Probability Learning VI: Hidden Markov Models

Source: Deep Learning on Medium

Hello again friends! This is post number six of our Probability Learning series, listed here in case you have missed any of the previous articles:

I deeply encourage you to read them, as they are fun and full of useful information about probabilistic Machine Learning. However, if you don´t want to read them, that is absolutely fine, this article can be understood without having devoured the rest with only a little knowledge of probability.

Also, do not fear, I will not include any complex math in this article: it’s intention is to lay the theoretical background of hidden Markov models, show how they can be used, and talk about some of its applications.

We have already met Reverend Bayes, and today we are going to meet another very influential individual in the world of game theory and probability. This is no other than Andréi Márkov, they guy who put the Markov in Hidden Markov models, Markov Chains…

Hidden Markov models are a branch of the probabilistic Machine Learning world, that are very useful for solving problems that involve working with sequences, like Natural Language Processing problems, or Time Series. In a moment, we will see just why this is, but first, lets get to know Markov a little bit.

So, who is this Andrei Markov?

Image of Andrei Markov

Andrei Markov (1856–1922) was a Russian mathematician who taught probability theory in the University of St Petersburg, and was also a very politically active individual. He worked with continuous fractions, the central limit theorem, and other mathematical endeavours, however, he will mostly be remembered because of his work on probability theory, specifically on the study of stochastic processes; the Markov Chains that we will discuss in just a moment.

Markov Chains: Probabilistic Sequences

Lets start with the most basic element of Markov´s proposal: the Markov Chain. In probability theory, a Markov Chain or Markov Model is an special type of discrete stochastic process in which the probability of an event occurring only depends on the immediately previous event.

The underlying assumption is that the future is independent of the past given the present. In other words, if we know the present state or value of a system or variable, we do not need any past information to try to predict the future states or values.

Example of a two state Markov Chain

Markov chains are generally defined by a set of states and the transition probabilities between each state.

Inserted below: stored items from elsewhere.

text \<open>With two states a belief is its mass \<open>x \<in> [0, 1]\<close> on one state, the dynamics is affine,
  \<open>x \<mapsto> \<beta> + \<gamma> * x\<close>, and investing is optimal exactly on an interval \<open>[c, 1]\<close>. Let \<open>V\<close> be the
  payoff of the greedy strategy. Its finite-horizon approximations are minima of affine and
  concave functions, so \<open>V\<close> is (up to arbitrarily small errors) concave and, by Jensen, no
  splitting of \<open>x\<close> raises the expectation of \<open>V\<close> above \<open>V x\<close>. Moreover \<open>V\<close> satisfies the Bellman
  inequality: for \<open>x < c\<close>, revealing nothing today yields \<open>\<delta> * V (\<beta> + \<gamma> * x) \<le> V x\<close>, which is
  checked by a case analysis on how the dynamics moves \<open>[0, c]\<close>. By induction on the horizon,
  \<open>V\<close> then bounds the payoff of every strategy, and the greedy strategy attains it.\<close>

lemma affine_nonpos_between:
  fixes u v p q x :: real
  assumes "p \<le> x" "x \<le> q" "u + v * p \<le> 0" "u + v * q \<le> 0"
  shows "u + v * x \<le> 0"
proof (cases "0 \<le> v")
  case True
  then have "v * x \<le> v * q" using assms by (intro mult_left_mono) auto
  then show ?thesis using assms by linarith
next
  case False
  then have "v * x \<le> v * p" using assms by (intro mult_left_mono_neg) auto
  then show ?thesis using assms by linarith
qed

lemma exists_mult_power_less:
  fixes d s e :: real
  assumes "0 \<le> d" "d < 1" "0 < e"
  shows "\<exists>k. s * d ^ k < e"
proof -
  have "(\<lambda>k. s * d ^ k) \<longlonglongrightarrow> s * 0" using assms by (intro tendsto_intros LIMSEQ_power_zero) auto
  then have "\<forall>\<^sub>F k in sequentially. s * d ^ k < e" using assms by (intro order_tendstoD) auto
  then show ?thesis by (meson eventually_sequentially order_refl)
qed

lemma ennreal_convex_combination:
  assumes "0 \<le> t" "t \<le> 1" "0 \<le> u" "0 \<le> v"
  shows "ennreal t * ennreal u + ennreal (1 - t) * ennreal v = ennreal (t * u + (1 - t) * v)"
  using assms by (simp add: ennreal_mult[symmetric] ennreal_plus[symmetric] del: ennreal_plus)

section \<open>Supporting lines on the unit interval\<close>

definition upper_supported :: "(real \<Rightarrow> real) \<Rightarrow> bool" where
  "upper_supported f \<longleftrightarrow> (\<forall>x\<in>{0..1}. \<exists>m. \<forall>y\<in>{0..1}. f y \<le> f x + m * (y - x))"

lemma upper_supportedD:
  assumes "upper_supported f" "x \<in> {0..1}"
  obtains m where "\<And>y. y \<in> {0..1} \<Longrightarrow> f y \<le> f x + m * (y - x)"
  using assms unfolding upper_supported_def by blast

lemma upper_supported_cong:
  assumes "\<And>y. y \<in> {0..1} \<Longrightarrow> f y = g y" and "upper_supported f"
  shows "upper_supported g"
  using assms unfolding upper_supported_def by metis

lemma upper_supported_affine: "upper_supported (\<lambda>y. a + b * y)"
  unfolding upper_supported_def by (auto intro!: exI[of _ b] simp: algebra_simps)

lemma upper_supported_add_const:
  "upper_supported f \<Longrightarrow> upper_supported (\<lambda>y. a + f y)"
  unfolding upper_supported_def by (metis add_le_cancel_left add.assoc)

lemma upper_supported_min:
  assumes f: "upper_supported f" and g: "upper_supported g"
  shows "upper_supported (\<lambda>y. min (f y) (g y))"
  unfolding upper_supported_def
proof
  fix x :: real assume x: "x \<in> {0..1}"
  show "\<exists>m. \<forall>y\<in>{0..1}. min (f y) (g y) \<le> min (f x) (g x) + m * (y - x)"
  proof (cases "f x \<le> g x")
    case True
    obtain m where "\<And>y. y \<in> {0..1} \<Longrightarrow> f y \<le> f x + m * (y - x)" using upper_supportedD[OF f x] by blast
    then show ?thesis using True by (intro exI[of _ m]) fastforce
  next
    case False
    obtain m where "\<And>y. y \<in> {0..1} \<Longrightarrow> g y \<le> g x + m * (y - x)" using upper_supportedD[OF g x] by blast
    then show ?thesis using False by (intro exI[of _ m]) fastforce
  qed
qed

lemma upper_supported_scale_comp_affine:
  assumes f: "upper_supported f" and d: "0 \<le> d"
    and maps: "\<And>y. y \<in> {0..1} \<Longrightarrow> b + l * y \<in> {0..1}"
  shows "upper_supported (\<lambda>y. d * f (b + l * y))"
  unfolding upper_supported_def
proof
  fix x :: real assume x: "x \<in> {0..1}"
  obtain m where m: "\<And>z. z \<in> {0..1} \<Longrightarrow> f z \<le> f (b + l * x) + m * (z - (b + l * x))"
    using upper_supportedD[OF f maps[OF x]] by blast
  have "d * f (b + l * y) \<le> d * f (b + l * x) + (d * m * l) * (y - x)" if "y \<in> {0..1}" for y
    using mult_left_mono[OF m[OF maps[OF that]] d] by (simp add: algebra_simps)
  then show "\<exists>m. \<forall>y\<in>{0..1}. d * f (b + l * y) \<le> d * f (b + l * x) + m * (y - x)" by blast
qed

section \<open>The greedy payoff on the unit interval\<close>

text \<open>Below \<open>c\<close> the greedy
  advisor splits \<open>x\<close> into the posteriors \<open>c\<close> (with probability \<open>x / c\<close>) and \<open>0\<close>; \<open>greedy_op\<close> is the
  resulting one-step payoff operator.\<close>

definition greedy_op :: "real \<Rightarrow> real \<Rightarrow> real \<Rightarrow> real \<Rightarrow> (real \<Rightarrow> real) \<Rightarrow> real \<Rightarrow> real" where
  "greedy_op \<beta> \<gamma> c \<delta> F x = (if c \<le> x then (1 - \<delta>) + \<delta> * F (\<beta> + \<gamma> * x)
     else (1 - x / c) * (\<delta> * F \<beta>) + (x / c) * ((1 - \<delta>) + \<delta> * F (\<beta> + \<gamma> * c)))"

fun greedy_iter :: "real \<Rightarrow> real \<Rightarrow> real \<Rightarrow> real \<Rightarrow> nat \<Rightarrow> real \<Rightarrow> real" where
  "greedy_iter \<beta> \<gamma> c \<delta> 0 = (\<lambda>x. 0)"
| "greedy_iter \<beta> \<gamma> c \<delta> (Suc n) = greedy_op \<beta> \<gamma> c \<delta> (greedy_iter \<beta> \<gamma> c \<delta> n)"

definition greedy_value :: "real \<Rightarrow> real \<Rightarrow> real \<Rightarrow> real \<Rightarrow> real \<Rightarrow> real" where
  "greedy_value \<beta> \<gamma> c \<delta> x = lim (\<lambda>n. greedy_iter \<beta> \<gamma> c \<delta> n x)"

In the example above, a two state Markov Chain is displayed: We have states A and B and four transition probabilities: from A to A again, from A to B, from B to A and from B to B again. These transition probabilities are usually represented in the form of a Matrix, called the Transition Matrix, also called the Markov Matrix.

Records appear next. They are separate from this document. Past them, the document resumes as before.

(* Let $A_{12}\in\mathbb{R}_{\ge 0}^{m\times n}$ with $\mathrm{rank}(A_{12})=m$, and let $A_{22}=[a_{ij}]\in\mathbb{R}^{n\times n}$ satisfy: $a_{ij}\ge 0$ for $i\neq j$, $a_{ii}\le 0$; the directed graph on $\{1,\dots,n\}$ with an edge $j\to i$ whenever $i\ne j$ and $a_{ij}>0$ is weakly connected; and, with $s_i=\sum_{j\neq i}(a_{ij}+a_{ji})$, one has $s_i\le 2|a_{ii}|$ for all $i$ and $s_j<2|a_{jj}|$ for at least one $j$. Let $Q\in\mathfrak{C}_{n,k}$ satisfy $\mathrm{rank}(A_{12}Q)=k$. For $\phi\in\mathbb{R}$ define $R_\phi=Q^+A_{22}\big(I_n-(I_n-\phi QQ^+)A_{12}^{\dagger}A_{12}\big)$ and $M_\phi=R_\phi Q$. Then there exists $\psi\in\mathbb{R}$ such that $M_\phi$ is Hurwitz for every $\phi>\psi$.
   Context: $\mathfrak{C}_{n,k}=\{X\in\{0,1\}^{n\times k}: X\mathbf{1}_k=\mathbf{1}_n\}$, with every column of $Q$ nonzero; $Q^+=(Q^\top Q)^{-1}Q^\top$. $A_{12}^{\dagger}=A_{12}^\top(A_{12}A_{12}^\top)^{-1}$ is the Moore–Penrose pseudo-inverse of the full-row-rank matrix $A_{12}$. (Equivalently, $R_\phi=Q^+A_{22}-LA_{12}$ with $L=(Q^+A_{22}-\phi\,Q^+A_{22}QQ^+)A_{12}^\dagger$.) A matrix is Hurwitz if all its eigenvalues have negative real part. *)

theory Defs
  imports "HOL-Analysis.Analysis"
begin

definition hurwitz :: "real^'k^'k \<Rightarrow> bool" where
  "hurwitz M \<longleftrightarrow> (\<forall>(lam::complex) (v::complex^'k).
      v \<noteq> 0 \<and> map_matrix complex_of_real M *v v = lam *s v \<longrightarrow> Re lam < 0)"

definition clustering_matrix :: "real^'k^'n \<Rightarrow> bool" where
  "clustering_matrix Q \<longleftrightarrow> (\<forall>i j. Q $ i $ j = 0 \<or> Q $ i $ j = 1)
     \<and> (\<forall>i. (\<Sum>j\<in>UNIV. Q $ i $ j) = 1)
     \<and> (\<forall>j. \<exists>i. Q $ i $ j \<noteq> 0)"

definition left_pinv :: "real^'k^'n \<Rightarrow> real^'n^'k" where
  "left_pinv Q = matrix_inv (transpose Q ** Q) ** transpose Q"

text \<open>Moore-Penrose pseudo-inverse of a full-row-rank matrix: A^T (A A^T)^{-1}.\<close>
definition right_pinv :: "real^'n^'m \<Rightarrow> real^'m^'n" where
  "right_pinv A = transpose A ** matrix_inv (A ** transpose A)"

definition weakly_connected_graph :: "real^'n^'n \<Rightarrow> bool" where
  "weakly_connected_graph A \<longleftrightarrow>
     (\<forall>x y. (x, y) \<in> {(u, v). u \<noteq> v \<and> (A $ u $ v > 0 \<or> A $ v $ u > 0)}\<^sup>*)"

definition R_mat :: "real^'n^'m \<Rightarrow> real^'n^'n \<Rightarrow> real^'k^'n \<Rightarrow> real \<Rightarrow> real^'n^'k" where
  "R_mat A12 A22 Q \<phi> = left_pinv Q ** A22 **
     (mat 1 - (mat 1 - \<phi> *\<^sub>R (Q ** left_pinv Q)) ** right_pinv A12 ** A12)"

definition M_mat :: "real^'n^'m \<Rightarrow> real^'n^'n \<Rightarrow> real^'k^'n \<Rightarrow> real \<Rightarrow> real^'k^'k" where
  "M_mat A12 A22 Q \<phi> = R_mat A12 A22 Q \<phi> ** Q"

end

theory Submission
  imports Defs
begin

text \<open>
  \<open>M\<^sub>\<phi>\<close> is affine in \<open>\<phi>\<close>, say \<open>M\<^sub>\<phi> = M\<^sub>0 + \<phi> K\<close>. With \<open>P = A12\<^sup>\<dagger> A12\<close>, the orthogonal
  projection onto the row space of \<open>A12\<close>, the matrix \<open>S = Q\<^sup>T P Q\<close> is positive definite because
  \<open>A12 Q\<close> has full column rank, and \<open>S K = B\<^sup>T A22 B\<close> for the injective \<open>B = Q (Q\<^sup>T Q)\<^sup>-\<^sup>1 S\<close>.
  The hypotheses on \<open>A22\<close> make it negative definite: \<open>z\<^sup>T A22 z\<close> is a nonpositive combination
  of the \<open>z\<^sub>i\<^sup>2\<close> minus a nonnegative combination of the \<open>(z\<^sub>i - z\<^sub>j)\<^sup>2\<close> over the edges, and if
  it vanishes then \<open>z\<close> is constant on the connected graph and zero at a strictly dominant vertex.
  Hence \<open>S K\<close>, and by compactness of the unit sphere also \<open>S M\<^sub>\<phi>\<close> for large \<open>\<phi>\<close>, is negative
  definite, so \<open>S\<close> is a Lyapunov matrix for \<open>M\<^sub>\<phi>\<close>: for an eigenpair \<open>(\<lambda>, x + i y)\<close>,
  \<open>Re \<lambda> (x\<^sup>T S x + y\<^sup>T S y) = x\<^sup>T S M\<^sub>\<phi> x + y\<^sup>T S M\<^sub>\<phi> y < 0\<close>.
\<close>

definition positive_definite :: "real^'n^'n \<Rightarrow> bool" where
  "positive_definite S \<longleftrightarrow> (\<forall>x. x \<noteq> 0 \<longrightarrow> x \<bullet> (S *v x) > 0)"

definition negative_definite :: "real^'n^'n \<Rightarrow> bool" where
  "negative_definite S \<longleftrightarrow> (\<forall>x. x \<noteq> 0 \<longrightarrow> x \<bullet> (S *v x) < 0)"

lemma matrix_inv_right:
  fixes A :: "real^'n^'n"
  assumes "invertible A"
  shows "A ** matrix_inv A = mat 1"
  using assms unfolding invertible_def matrix_inv_def by (rule someI2_ex) blast

lemma transpose_matrix_inv_symmetric:
  fixes A :: "real^'n^'n"
  assumes "transpose A = A" and "invertible A"
  shows "transpose (matrix_inv A) = matrix_inv A"
proof -
  have "transpose (matrix_inv A) ** A = mat 1"
    by (metis assms matrix_inv_right matrix_transpose_mul transpose_mat)
  then have "transpose (matrix_inv A) ** A ** matrix_inv A = matrix_inv A"
    by simp
  then show ?thesis
    by (metis matrix_mul_assoc matrix_mul_rid matrix_inv_right[OF assms(2)])
qed

lemma inner_matrix_vector_mult:
  fixes A :: "real^'n^'m"
  shows "x \<bullet> (A *v y) = (transpose A *v x) \<bullet> y"
  by (simp add: dot_lmul_matrix)

lemma quadratic_form_congruence:
  fixes A :: "real^'m^'m" and B :: "real^'n^'m"
  shows "x \<bullet> ((transpose B ** A ** B) *v x) = (B *v x) \<bullet> (A *v (B *v x))"
  by (simp only: matrix_vector_mul_assoc[symmetric] inner_matrix_vector_mult[of x "transpose B"]
      transpose_transpose)

lemma positive_definite_congruence:
  assumes "positive_definite A" and "inj ((*v) B)"
  shows "positive_definite (transpose B ** A ** B)"
  using assms unfolding positive_definite_def quadratic_form_congruence
  by (metis injD matrix_vector_mult_0_right)

lemma negative_definite_congruence:
  assumes "negative_definite A" and "inj ((*v) B)"
  shows "negative_definite (transpose B ** A ** B)"
  using assms unfolding negative_definite_def quadratic_form_congruence
  by (metis injD matrix_vector_mult_0_right)

lemma positive_definite_Gram:
  fixes B :: "real^'n^'m"
  assumes "inj ((*v) B)"
  shows "positive_definite (transpose B ** B)"
  using positive_definite_congruence[OF _ assms, of "mat 1"]
  by (simp add: positive_definite_def)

One possible transition matrix for this chain

The element ij is the probability of transiting from state j to state i. In some cases transposed notation is used, so that element ij represents the probability of going from state i to state j. Because of this I added the ‘to’ and ‘from’ just to clarify. Overall, the system would look something like this:

Diagram of a Markov Chain with the transition probabilities

How do we calculate these probabilities? The answer is one that you´ve probably heard already a million times: from data.

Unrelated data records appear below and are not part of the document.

lemma C_class_dil:
  assumes "0 < c"
  shows "C_class (c * a) (dil c f)"
  unfolding C_class_def
proof (intro conjI allI impI)
  show "dil c f differentiable (at x)" for x
    using has_deriv_dil[OF assms] real_differentiable_def by blast
  have "continuous_on UNIV (\<lambda>s. deriv f (s / c))"
    by (intro continuous_on_compose2[OF continuous_on_deriv])
      (use assms in \<open>auto intro!: continuous_intros\<close>)
  then show "continuous_on UNIV (deriv (dil c f))"
    using deriv_dil[OF assms] by simp
  show "dil c f (- s) = dil c f s" for s
    using even[of "s / c"] by (simp add: dil_def)
  show "c * a \<le> \<bar>s\<bar> \<Longrightarrow> dil c f s = \<bar>s\<bar>" for s
    by (rule dil_eq_abs[OF assms])
  show "strictly_convex_on {- (c * a)..c * a} (dil c f)"
    unfolding strictly_convex_on_def
  proof (intro ballI allI impI)
    fix x y t :: real
    assume "x \<in> {- (c * a)..c * a}" "y \<in> {- (c * a)..c * a}" "x \<noteq> y \<and> 0 < t \<and> t < 1"
    moreover have "x / c \<in> {-a..a}" and "y / c \<in> {-a..a}"
      using calculation assms by (auto simp: divide_le_eq le_divide_eq mult.commute)
    ultimately have "f ((1 - t) * (x / c) + t * (y / c)) < (1 - t) * f (x / c) + t * f (y / c)"
      using strictly_convex[unfolded strictly_convex_on_def, rule_format, of "x / c" "y / c" t] assms
      by simp
    then have "c * f (((1 - t) * x + t * y) / c) < c * ((1 - t) * f (x / c) + t * f (y / c))"
      using assms by (simp add: add_divide_distrib)
    then show "dil c f ((1 - t) * x + t * y) < (1 - t) * dil c f x + t * dil c f y"
      by (simp add: dil_def algebra_simps)
  qed
qed

lemma dil_diff_ge:
  assumes "0 < c" and "0 < d"
  shows "(d - c) * (f (s / c) - s / c * deriv f (s / c)) \<le> dil d f s - dil c f s"
proof -
  define t where "t = s / c"
  have s: "s = c * t"
    using assms by (simp add: t_def)
  have "d * (f t + deriv f t * (s / d - t)) \<le> d * f (s / d)"
    using tangent_le[of t "s / d"] assms by simp
  moreover have "d * (f t + deriv f t * (s / d - t)) = dil c f s + (d - c) * (f t - t * deriv f t)"
    using assms by (simp add: dil_def s field_simps)
  ultimately show ?thesis
    by (simp add: dil_def t_def)
qed

lemma dil_mono:
  assumes "0 < c" and "c \<le> d"
  shows "dil c f s \<le> dil d f s"
proof -
  have "0 \<le> (d - c) * (f (s / c) - s / c * deriv f (s / c))"
    using tangent_at_0_nonneg[of "s / c"] assms by (intro mult_nonneg_nonneg) auto
  then show ?thesis
    using dil_diff_ge[of c d s] assms by linarith
qed

lemma dil_less_dil:
  assumes "0 < c" and "c < d" and "\<bar>s\<bar> < d * a"
  shows "dil c f s < dil d f s"
proof (cases "\<bar>s\<bar> < c * a")
  case True
  then have "0 < f (s / c) - s / c * deriv f (s / c)"
    using assms by (intro tangent_at_0_pos) (simp add: abs_divide divide_less_eq mult.commute)
  then have "0 < (d - c) * (f (s / c) - s / c * deriv f (s / c))"
    using assms by (intro mult_pos_pos) auto
  then show ?thesis
    using dil_diff_ge[of c d s] assms by linarith
next
  case False
  then show ?thesis
    using dil_eq_abs[of c s] abs_less_dil[of d s] assms by simp
qed

lemma dil_eq_dil_iff:
  assumes "0 < c" and "c < d"
  shows "dil c f s = dil d f s \<longleftrightarrow> d * a \<le> \<bar>s\<bar>"
proof
  assume "d * a \<le> \<bar>s\<bar>"
  moreover have "c * a \<le> d * a"
    using assms pos by (intro mult_right_mono) auto
  ultimately show "dil c f s = dil d f s"
    using dil_eq_abs[of c s] dil_eq_abs[of d s] assms by simp
next
  show "dil c f s = dil d f s \<Longrightarrow> d * a \<le> \<bar>s\<bar>"
    using dil_less_dil[OF assms, of s] by (metis less_irrefl not_le)
qed

lemma dil_le_dil_add:
  assumes "0 < c" and "c \<le> d"
  shows "dil d f s \<le> dil c f s + (d - c) * f 0"
proof -
  have "f (s / d) \<le> (1 - c / d) * f 0 + c / d * f (s / c)"
    using convex_onD[OF convex, of "c / d" 0 "s / c"] assms by simp
  then have "d * f (s / d) \<le> d * ((1 - c / d) * f 0 + c / d * f (s / c))"
    using assms by simp
  then show ?thesis
    using assms by (simp add: dil_def algebra_simps)
qed

lemma antimono_dil_diff:
  assumes "0 < c" and "c \<le> d"
  shows "antimono_on {0..} (\<lambda>s. dil d f s - dil c f s)"
  unfolding monotone_on_def
proof (intro ballI impI)
  fix x y :: real
  assume "x \<in> {0..}" "y \<in> {0..}" "x \<le> y"
  show "dil d f y - dil c f y \<le> dil d f x - dil c f x"
  proof (rule DERIV_nonpos_imp_nonincreasing[OF \<open>x \<le> y\<close>])
    fix z assume "x \<le> z" "z \<le> y"
    have "((\<lambda>s. dil d f s - dil c f s) has_real_derivative deriv f (z / d) - deriv f (z / c)) (at z)"
      using assms by (intro DERIV_diff has_deriv_dil) auto
    moreover have "z / d \<le> z / c"
      using assms \<open>x \<in> {0..}\<close> \<open>x \<le> z\<close> by (intro divide_left_mono) auto
    ultimately show "\<exists>D. ((\<lambda>s. dil d f s - dil c f s) has_real_derivative D) (at z) \<and> D \<le> 0"
      using deriv_mono[of "z / d" "z / c"] by auto
  qed
qed

lemma SUP_abs_dil_diff:
  assumes "0 < c" and "c \<le> d"
  shows "(SUP s. \<bar>dil c f s - dil d f s\<bar>) = (d - c) * f 0"
proof (rule cSup_eq_maximum)
  have "\<bar>dil c f 0 - dil d f 0\<bar> = (d - c) * f 0"
    using dil_mono[OF assms, of 0] unfolding dil_def by (simp add: abs_if left_diff_distrib)
  then show "(d - c) * f 0 \<in> range (\<lambda>s. \<bar>dil c f s - dil d f s\<bar>)"
    by (intro range_eqI[where x = 0]) simp
next
  fix y
  assume "y \<in> range (\<lambda>s. \<bar>dil c f s - dil d f s\<bar>)"
  then obtain s where "y = \<bar>dil c f s - dil d f s\<bar>"
    by blast
  moreover have "dil c f s \<le> dil d f s" and "dil d f s \<le> dil c f s + (d - c) * f 0"
    using dil_mono[OF assms] dil_le_dil_add[OF assms] by auto
  ultimately show "y \<le> (d - c) * f 0"
    by simp
qed

end

theorem lemma3p4:
  fixes a \<eta> :: real and f :: "real \<Rightarrow> real"
  assumes "a > 0" and "0 < \<eta>" and "\<eta> < 1" and "C_class a f"
  defines "fp \<equiv> dil (1 + \<eta> / 2) f" and "fm \<equiv> dil (1 - \<eta> / 2) f"
  shows "(C_class ((2 + \<eta>) * a / 2) fp \<and> C_class ((2 - \<eta>) * a / 2) fm) \<and>
         (\<forall>s. deriv fp s = deriv f (s / (1 + \<eta> / 2))) \<and>
         (\<forall>s. deriv fm s = deriv f (s / (1 - \<eta> / 2))) \<and>
         antimono_on {0::real..} (\<lambda>s. fp s - f s) \<and>
         antimono_on {0::real..} (\<lambda>s. f s - fm s) \<and>
         (\<forall>s. fm s \<le> f s \<and> f s \<le> fp s) \<and>
         (\<forall>s. fm s = f s \<longleftrightarrow> \<bar>s\<bar> \<ge> a) \<and>
         (\<forall>s. fp s = f s \<longleftrightarrow> \<bar>s\<bar> \<ge> (2 + \<eta>) * a / 2) \<and>
         (SUP s. \<bar>f s - fp s\<bar>) = \<eta> / 2 * f 0 \<and>
         (SUP s. \<bar>f s - fm s\<bar>) = \<eta> / 2 * f 0"
proof -
  interpret C_class_function a f
    using assms(1,4) by unfold_locales
  define p m where "p = 1 + \<eta> / 2" and "m = 1 - \<eta> / 2"
  have pm: "1 < p" "0 < m" "m < 1" "p - 1 = \<eta> / 2" "1 - m = \<eta> / 2"
    using assms(2,3) by (simp_all add: p_def m_def)
  have scale: "(2 + \<eta>) * a / 2 = p * a" "(2 - \<eta>) * a / 2 = m * a"
    by (simp_all add: p_def m_def field_simps)
  have "C_class (p * a) (dil p f)" and "C_class (m * a) (dil m f)"
    using pm by (simp_all add: C_class_dil)
  moreover have "deriv (dil p f) s = deriv f (s / p)" and "deriv (dil m f) s = deriv f (s / m)" for s
    using pm by (simp_all add: deriv_dil)
  moreover have "antimono_on {0..} (\<lambda>s. dil p f s - f s)" and "antimono_on {0..} (\<lambda>s. f s - dil m f s)"
    using antimono_dil_diff[of 1 p] antimono_dil_diff[of m 1] pm by simp_all
  moreover have "dil m f s \<le> f s \<and> f s \<le> dil p f s" for s
    using dil_mono[of m 1 s] dil_mono[of 1 p s] pm by simp
  moreover have "dil m f s = f s \<longleftrightarrow> a \<le> \<bar>s\<bar>" for s
    using dil_eq_dil_iff[of m 1 s] pm by simp
  moreover have "dil p f s = f s \<longleftrightarrow> p * a \<le> \<bar>s\<bar>" for s
    using dil_eq_dil_iff[of 1 p s] pm by (simp add: eq_commute[of "f s"])
  moreover have "(SUP s. \<bar>f s - dil p f s\<bar>) = \<eta> / 2 * f 0"
    using SUP_abs_dil_diff[of 1 p] pm by simp
  moreover have "(SUP s. \<bar>f s - dil m f s\<bar>) = \<eta> / 2 * f 0"
    using SUP_abs_dil_diff[of m 1] pm by (simp add: abs_minus_commute)
  ultimately show ?thesis
    unfolding fp_def fm_def p_def[symmetric] m_def[symmetric] scale by blast
qed

end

Imagine the states we have in our Markov Chain are Sunny and Rainy. To calculate the transition probabilities from one to another we just have to collect some data that is representative of the problem that we want to address, count the number of transitions from one state to another, and normalise the measurements. The following figure shows how this would be done for our example.

Calculations of transition probabilities from data

At the moment Markov Chains look just like any other state machine, in which we have states and transitions in between them. However, later in this article we will see just how special they are.

Okay, now that we know what a Markov Chain is, and how to calculate the transitions probabilities involved, lets carry on and learn about Hidden Markov Models.

Hidden Markov Models: Discovering the unknown

Hidden Markov Models are probabilistic models that attempt to find the value or the probability of certain hidden variables having a certain value, based on some other observed variables. These variables are commonly referred to as hidden states and observed states.

The state of a system might only be partially observable, or not observable at all, and we might have to infer its characteristics based on another fully observable system or variable.

Imagine, using the previous example, that we add the following information. Every day, there is a probability that we get a phone call from our best friend, John who lives in a different continent, and this probability depends on the weather conditions of such day. Using the latter information (if we get a phone call or not –the observed variables) we would like to infer the former (the weather in the continent where John lives — the hidden variables)

Hidden and observed variables for our problem

The probabilities shown here, that define how likely is John to call us on a given day depending on the weather of such day are called emission probabilities. They define the probability of seeing certain observed variable given a certain value for the hidden variables.

Knowing these probabilities, along with the transition probabilities we calculated before, and the prior probabilities of the hidden variables (how likely it is to be sunny or rainy), we could try to find out what the weather of a certain period of time was, knowing in which days John gave us a phone call.

Lets see how we would solve this problem with simple statistics: Imagine John did not phone us for two days in a row. What is the most likely weather scenario? For this, we first need to calculate the prior probabilities (that is, the probability of being sunny or rainy previous to any actual observation), which we obtain from the same observations as the transitions probabilities.

Calculations of prior probabilities

Now, we are ready to solve our problem: for two days in a row, we did not get a single sign that John is alive. What is the most likely weather scenario then? As we can see in the image below, we have 4 possible situations to consider: sunny followed by sunny, sunny followed by rainy, rainy followed by sunny and lastly rainy followed by rainy.